Przy tej okazji udzielił wywiadu, w którym – ku zaskoczeniu wielu – gorzko podsumował jedną decyzję sławnego ojca. Tego do tej pory nie wiedział nikt...
Czytaj także: Jacek i Halina Zielińscy byli razem ponad pół wieku. On koncertował ze Skaldami, ona poświęciła się dla rodziny
Pogrzeb Jacka Zielińskiego, Kraków, 20.05.2024 rok
Syn Andrzeja Zielińskiego ma żal do ojca.

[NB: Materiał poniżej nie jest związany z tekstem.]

(* Let $0<r'<r<1$ and $c>0$. Then the map $F:\mathbb{Z}((T))_{r,\le c}\to\mathbb{R}$, $\sum_{n\gg-\infty}a_nT^n\mapsto\sum_{n\gg-\infty}a_n(r')^n$, is continuous.
   Context: $\mathbb{Z}((T))_{r,\le c}$ is the set of integer Laurent series $\sum_{n\gg-\infty}a_nT^n$ ($a_n\in\mathbb{Z}$, $a_n=0$ for $n$ sufficiently negative) with $\sum|a_n|r^n\le c$, with the $T$-adic topology given by the norm $\|f\|=\delta^{v_T(f)}$ for fixed $\delta\in(0,1)$, $v_T(f)$ being the smallest index of a nonzero coefficient. $\mathbb{R}$ has its usual topology. *)

theory Defs
  imports "HOL-Analysis.Analysis"
begin

text \<open>Integer Laurent series: coefficient functions int => int vanishing for sufficiently negative indices.\<close>
definition laurent :: "(int \<Rightarrow> int) set" where
  "laurent = {a. \<exists>N. \<forall>n<N. a n = 0}"

definition laurent_rc :: "real \<Rightarrow> real \<Rightarrow> (int \<Rightarrow> int) set" where
  "laurent_rc r c = {a \<in> laurent.
      (\<lambda>n. real_of_int \<bar>a n\<bar> * r powi n) summable_on UNIV \<and>
      (\<Sum>\<^sub>\<infinity>n. real_of_int \<bar>a n\<bar> * r powi n) \<le> c}"

definition tval :: "(int \<Rightarrow> int) \<Rightarrow> int" where
  "tval a = (LEAST n. a n \<noteq> 0)"

definition tnorm :: "real \<Rightarrow> (int \<Rightarrow> int) \<Rightarrow> real" where
  "tnorm \<delta> a = (if a = (\<lambda>_. 0) then 0 else \<delta> powi tval a)"

definition laurent_eval :: "real \<Rightarrow> (int \<Rightarrow> int) \<Rightarrow> real" where
  "laurent_eval s a = (\<Sum>\<^sub>\<infinity>n. real_of_int (a n) * s powi n)"

end

theory Submission
  imports Defs
begin

text \<open>If \<open>\<parallel>g - f\<parallel> < \<delta>\<^sup>N\<close> in the \<open>T\<close>-adic norm, then \<open>f\<close> and \<open>g\<close> agree in all degrees below \<open>N\<close>,
  so \<open>F g - F f = \<Sum>\<^bsub>n\<ge>N\<^esub> (g\<^sub>n - f\<^sub>n) r'\<^sup>n\<close>. For \<open>n \<ge> N \<ge> 0\<close> we have \<open>r'\<^sup>n \<le> (r'/r)\<^sup>N r\<^sup>n\<close>,
  hence \<open>\<bar>F g - F f\<bar> \<le> (r'/r)\<^sup>N (\<Sum> \<bar>g\<^sub>n\<bar> r\<^sup>n + \<Sum> \<bar>f\<^sub>n\<bar> r\<^sup>n) \<le> 2 c (r'/r)\<^sup>N\<close>,
  which is small for large \<open>N\<close> since \<open>r' < r\<close>.\<close>

lemma laurent_diff:
  assumes "f \<in> laurent" "g \<in> laurent"
  shows "(\<lambda>n. g n - f n) \<in> laurent"
proof -
  obtain M1 M2 where "\<forall>n<M1. f n = 0" "\<forall>n<M2. g n = 0"
    using assms unfolding laurent_def by blast
  then have "\<forall>n<min M1 M2. g n - f n = 0" by simp
  then show ?thesis unfolding laurent_def by blast
qed

lemma tval_le:
  assumes "a \<in> laurent" "a n \<noteq> 0"
  shows "tval a \<le> n"
proof -
  obtain M where M: "\<forall>m<M. a m = 0" using assms(1) unfolding laurent_def by blast
  define S where "S = {m. m \<le> n \<and> a m \<noteq> 0}"
  have "S \<subseteq> {M..n}" using M unfolding S_def by (auto simp: not_less[symmetric])
  then have "finite S" by (rule finite_subset) simp
  moreover have "n \<in> S" using assms(2) unfolding S_def by simp
  ultimately have "tval a = Min S"
    unfolding tval_def
    by (intro Least_equality) (use Min_in[of S] Min_le[of S] S_def in \<open>fastforce+\<close>)
  then show ?thesis using \<open>finite S\<close> \<open>n \<in> S\<close> by simp
qed

lemma tnorm_less_power_int_imp_zero:
  assumes "a \<in> laurent" "0 < \<delta>" "\<delta> < 1" "tnorm \<delta> a < \<delta> powi N" "n \<le> N"
  shows "a n = 0"
proof (rule ccontr)
  assume "a n \<noteq> 0"
  then have "a \<noteq> (\<lambda>_. 0)" and "tval a \<le> N"
    using tval_le[OF assms(1)] assms(5) by force+
  then have "\<delta> powi N \<le> tnorm \<delta> a"
    unfolding tnorm_def using assms(2,3) by (simp add: power_int_decreasing)
  then show False using assms(4) by simp
qed

lemma powi_series_smaller_radius:
  fixes a :: "int \<Rightarrow> real" and N :: int
  assumes vanish: "\<forall>n<N. a n = 0" and "0 < s" "s \<le> r"
    and summable: "(\<lambda>n. \<bar>a n\<bar> * r powi n) summable_on UNIV"
  shows "(\<lambda>n. norm (a n * s powi n)) summable_on UNIV"
    and "\<bar>\<Sum>\<^sub>\<infinity>n. a n * s powi n\<bar> \<le> (s / r) powi N * (\<Sum>\<^sub>\<infinity>n. \<bar>a n\<bar> * r powi n)"
proof -
  define q where "q = s / r"
  have q: "0 < q" "q \<le> 1" using assms(2,3) by (auto simp: q_def)
  have bound: "norm (a n * s powi n) \<le> q powi N * (\<bar>a n\<bar> * r powi n)" for n
  proof (cases "n < N")
    case False
    have "s powi n = q powi n * r powi n"
      using assms(2,3) by (simp add: q_def power_int_divide_distrib)
    also have "\<dots> \<le> q powi N * r powi n"
      using q False assms(2,3) by (intro mult_right_mono power_int_decreasing) auto
    finally show ?thesis
      using assms(2) by (simp add: abs_mult mult.left_commute mult_left_mono)
  qed (use vanish q assms(2,3) in simp)
  have summable_bound: "(\<lambda>n. q powi N * (\<bar>a n\<bar> * r powi n)) summable_on UNIV"
    using summable by (rule summable_on_cmult_right)
  show abs_summable: "(\<lambda>n. norm (a n * s powi n)) summable_on UNIV"
    using summable_bound bound by (rule Infinite_Sum.abs_summable_on_comparison_test')
  have "\<bar>\<Sum>\<^sub>\<infinity>n. a n * s powi n\<bar> \<le> (\<Sum>\<^sub>\<infinity>n. norm (a n * s powi n))"
    using norm_infsum_bound[OF abs_summable] by simp
  also have "\<dots> \<le> (\<Sum>\<^sub>\<infinity>n. q powi N * (\<bar>a n\<bar> * r powi n))"
    using abs_summable summable_bound bound by (rule infsum_mono)
  also have "\<dots> = q powi N * (\<Sum>\<^sub>\<infinity>n. \<bar>a n\<bar> * r powi n)"
    using summable by (rule infsum_cmult_right)
  finally show "\<bar>\<Sum>\<^sub>\<infinity>n. a n * s powi n\<bar> \<le> (s / r) powi N * (\<Sum>\<^sub>\<infinity>n. \<bar>a n\<bar> * r powi n)"
    by (simp add: q_def)
qed

lemma laurent_rc_eval_abs_summable:
  assumes "f \<in> laurent_rc r c" "0 < s" "s \<le> r"
  shows "(\<lambda>n. norm (real_of_int (f n) * s powi n)) summable_on UNIV"
proof -
  obtain M where "\<forall>n<M. f n = 0"
    using assms(1) unfolding laurent_rc_def laurent_def by blast
  then show ?thesis
    using assms powi_series_smaller_radius(1)[of M "\<lambda>n. real_of_int (f n)" s r]
    unfolding laurent_rc_def by simp
qed

lemma laurent_eval_diff:
  assumes "f \<in> laurent_rc r c" "g \<in> laurent_rc r c" "0 < s" "s \<le> r"
  shows "laurent_eval s g - laurent_eval s f = (\<Sum>\<^sub>\<infinity>n. real_of_int (g n - f n) * s powi n)"
proof -
  have "(\<lambda>n. real_of_int (f n) * s powi n) summable_on UNIV"
    and "(\<lambda>n. real_of_int (g n) * s powi n) summable_on UNIV"
    using laurent_rc_eval_abs_summable[OF assms(1,3,4)] laurent_rc_eval_abs_summable[OF assms(2,3,4)]
    by (auto intro: Infinite_Sum.abs_summable_summable)
  then show ?thesis
    unfolding laurent_eval_def
    using infsum_add[of "\<lambda>n. real_of_int (g n) * s powi n" UNIV "\<lambda>n. - (real_of_int (f n) * s powi n)"]
    by (simp add: summable_on_uminus infsum_uminus left_diff_distrib)
qed

lemma laurent_rc_diff_weight_bound:
  assumes "f \<in> laurent_rc r c" "g \<in> laurent_rc r c" "0 < r"
  shows "(\<lambda>n. \<bar>real_of_int (g n - f n)\<bar> * r powi n) summable_on UNIV"
    and "(\<Sum>\<^sub>\<infinity>n. \<bar>real_of_int (g n - f n)\<bar> * r powi n) \<le> 2 * c"
proof -
  define wf where "wf = (\<lambda>n. \<bar>real_of_int (f n)\<bar> * r powi n)"
  define wg where "wg = (\<lambda>n. \<bar>real_of_int (g n)\<bar> * r powi n)"
  have wf: "wf summable_on UNIV" "infsum wf UNIV \<le> c"
    and wg: "wg summable_on UNIV" "infsum wg UNIV \<le> c"
    using assms(1,2) unfolding laurent_rc_def wf_def wg_def by auto
  have summable_sum: "(\<lambda>n. wg n + wf n) summable_on UNIV"
    using wg(1) wf(1) by (rule summable_on_add)
  have triangle: "\<bar>real_of_int (g n - f n)\<bar> * r powi n \<le> wg n + wf n" for n
    using assms(3) unfolding wf_def wg_def
    by (simp flip: distrib_right add: mult_right_mono abs_triangle_ineq4)
  show summable: "(\<lambda>n. \<bar>real_of_int (g n - f n)\<bar> * r powi n) summable_on UNIV"
    using Infinite_Sum.abs_summable_on_comparison_test'[OF summable_sum, of "\<lambda>n. \<bar>real_of_int (g n - f n)\<bar> * r powi n"]
      triangle assms(3) by simp
  have "(\<Sum>\<^sub>\<infinity>n. \<bar>real_of_int (g n - f n)\<bar> * r powi n) \<le> (\<Sum>\<^sub>\<infinity>n. wg n + wf n)"
    using summable summable_sum triangle by (rule infsum_mono)
  also have "\<dots> = infsum wg UNIV + infsum wf UNIV"
    using wg(1) wf(1) by (rule infsum_add)
  finally show "(\<Sum>\<^sub>\<infinity>n. \<bar>real_of_int (g n - f n)\<bar> * r powi n) \<le> 2 * c"
    using wf(2) wg(2) by simp
qed

theorem mainTheorem13:
  fixes r r' c \<delta> :: real
  assumes "0 < r'" and "r' < r" and "r < 1" and "0 < c"
    and "0 < \<delta>" and "\<delta> < 1"
  shows "\<forall>f\<in>laurent_rc r c. \<forall>\<epsilon>>0. \<exists>\<eta>>0. \<forall>g\<in>laurent_rc r c.
           tnorm \<delta> (\<lambda>n. g n - f n) < \<eta> \<longrightarrow>
           \<bar>laurent_eval r' g - laurent_eval r' f\<bar> < \<epsilon>"
proof (intro ballI allI impI)
  fix f :: "int \<Rightarrow> int" and \<epsilon> :: real
  assume f: "f \<in> laurent_rc r c" and "\<epsilon> > 0"
  define q where "q = r' / r"
  have q: "0 < q" "q < 1" using assms(1,2) by (auto simp: q_def)
  obtain N :: nat where N: "q ^ N < \<epsilon> / (2 * c)"
    using real_arch_pow_inv[of "\<epsilon> / (2 * c)" q] q \<open>\<epsilon> > 0\<close> assms(4) by auto
  show "\<exists>\<eta>>0. \<forall>g\<in>laurent_rc r c. tnorm \<delta> (\<lambda>n. g n - f n) < \<eta> \<longrightarrow>
          \<bar>laurent_eval r' g - laurent_eval r' f\<bar> < \<epsilon>"
  proof (intro exI[of _ "\<delta> ^ N"] conjI ballI impI)
    show "\<delta> ^ N > 0" using assms(5) by simp
    fix g assume g: "g \<in> laurent_rc r c" and close: "tnorm \<delta> (\<lambda>n. g n - f n) < \<delta> ^ N"
    have "(\<lambda>n. g n - f n) \<in> laurent"
      using f g by (intro laurent_diff) (auto simp: laurent_rc_def)
    moreover have "tnorm \<delta> (\<lambda>n. g n - f n) < \<delta> powi int N" using close by simp
    ultimately have "\<forall>n<int N. real_of_int (g n - f n) = 0"
      using tnorm_less_power_int_imp_zero[OF _ assms(5,6)] by (metis less_imp_le of_int_0)
    have "\<bar>laurent_eval r' g - laurent_eval r' f\<bar> = \<bar>\<Sum>\<^sub>\<infinity>n. real_of_int (g n - f n) * r' powi n\<bar>"
      using laurent_eval_diff[OF f g assms(1)] assms(2) by simp
    also have "\<dots> \<le> q ^ N * (\<Sum>\<^sub>\<infinity>n. \<bar>real_of_int (g n - f n)\<bar> * r powi n)"
      using powi_series_smaller_radius(2)[OF \<open>\<forall>n<int N. _\<close> assms(1) _ laurent_rc_diff_weight_bound(1)[OF f g]]
        assms(1,2) by (simp add: q_def)
    also have "\<dots> \<le> q ^ N * (2 * c)"
      using laurent_rc_diff_weight_bound(2)[OF f g] q assms(1,2) by (intro mult_left_mono) auto
    also have "\<dots> < \<epsilon>" using N assms(4) by (simp add: field_simps)
    finally show "\<bar>laurent_eval r' g - laurent_eval r' f\<bar> < \<epsilon>" .
  qed
qed

end
lemma circle_maps_converge:
  assumes L: "\<And>i. 0 < L i" "L \<longlonglongrightarrow> Linf" "0 < Linf"
    and \<sigma>: "\<And>i. \<sigma> i \<in> {1, -1}" and F: "\<And>i. short_lift (L 0) (L i) (F i)"
    and f: "\<And>i x. f i (circle_point (L 0) x) = circle_point (L i) (\<sigma> i * F i x)"
    and dec: "\<And>i x y. x \<le> y \<Longrightarrow> F (Suc i) y - F (Suc i) x \<le> F i y - F i x"
  obtains q where "q ` rcircle (L 0) = rcircle Linf"
    "\<And>z w. z \<in> rcircle (L 0) \<Longrightarrow> w \<in> rcircle (L 0) \<Longrightarrow>
       (\<lambda>i. cdist (L i) (f i z) (f i w)) \<longlonglongrightarrow> cdist Linf (q z) (q w)"
proof -
  obtain \<Phi> where \<Phi>: "short_lift (L 0) Linf \<Phi>"
    and increment: "\<And>x y. (\<lambda>i. F i y - F i x) \<longlonglongrightarrow> \<Phi> y - \<Phi> x"
    using short_lifts_limit[OF F dec L(2)] by blast
  define q where "q z = circle_point Linf (\<Phi> (circle_coord (L 0) z) - \<Phi> 0)" for z
  have "(\<lambda>i. cdist (L i) (f i z) (f i w)) \<longlonglongrightarrow> cdist Linf (q z) (q w)"
    if z: "z \<in> rcircle (L 0)" and w: "w \<in> rcircle (L 0)" for z w
  proof -
    define x y where "x = circle_coord (L 0) z" and "y = circle_coord (L 0) w"
    have "cdist (L i) (f i z) (f i w) = cdist (L i) (circle_point (L i) (\<sigma> i * F i x)) (circle_point (L i) (\<sigma> i * F i y))"
      for i using f[of i x] f[of i y] circle_coord(2)[OF L(1) z] circle_coord(2)[OF L(1) w]
      unfolding x_def y_def by simp
    also have "\<dots> i = circle_norm (L i) (- (\<sigma> i * (F i y - F i x)))" for i
      by (simp add: cdist_circle_point[OF L(1)] algebra_simps)
    also have "\<dots> i = circle_norm (L i) (F i y - F i x)" for i
      by (simp add: circle_norm_minus[OF L(1)] circle_norm_sign_mult[OF L(1) \<sigma>])
    finally have dist_i: "cdist (L i) (f i z) (f i w) = circle_norm (L i) (F i y - F i x)" for i .
    have "cdist Linf (q z) (q w) = circle_norm Linf (\<Phi> x - \<Phi> y)"
      unfolding q_def cdist_circle_point[OF L(3)] x_def y_def by simp
    then have dist_lim: "cdist Linf (q z) (q w) = circle_norm Linf (\<Phi> y - \<Phi> x)"
      using circle_norm_minus[OF L(3), of "\<Phi> x - \<Phi> y"] by simp
    have "\<bar>y - x\<bar> \<le> L 0" using circle_coord(1)[OF L(1) z] circle_coord(1)[OF L(1) w] x_def y_def by auto
    then show ?thesis unfolding dist_i dist_lim
      by (rule short_lifts_circle_norm_tendsto[OF F L(2,1,3) increment])
  qed
  moreover have "q ` rcircle (L 0) = rcircle Linf"
    unfolding q_def by (rule circle_map_of_short_lift_surj[OF L(1) L(3) \<Phi>])
  ultimately show ?thesis using that by blast
qed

Tak mówi o relacji ze zmarłym wujkiem
Jak się okazuje, syn Andrzeja Zielińskiego na co dzień mieszka w Chicago i zawodowo zajmuje się muzyką - jest didżejem. Ostatnia wypowiedź jego taty, w której potwierdził, że do kultowej formacji dołączyły dzieci jego brata – Bogumił i Gabriela – sprawiła, że poczuł się pominięty. Ujawnił to w rozmowie z portalem ShowNews.
„To ciekawe, że tata nie wspomniał nic o własnych dzieciach. Mieszkam w Stanach, więc tata często powtarza, że nie jestem dostępny. Jednak żyjemy w czasach, w których ludzie się łatwo przemieszczają... Sam tata jeździł do Polski na koncerty przez całe lata 90., dopóki nie zamieszkał na stałe w Krakowie, więc z pewnością wie, że jest to do zrobienia. Jeszcze zanim zmarł wujek, kupiłem bilet do Polski i miałem go zastąpić na dwóch koncertach, bo dowiedziałem się, że nie jest już w stanie śpiewać”, ujawnił Bartosz Zieliński.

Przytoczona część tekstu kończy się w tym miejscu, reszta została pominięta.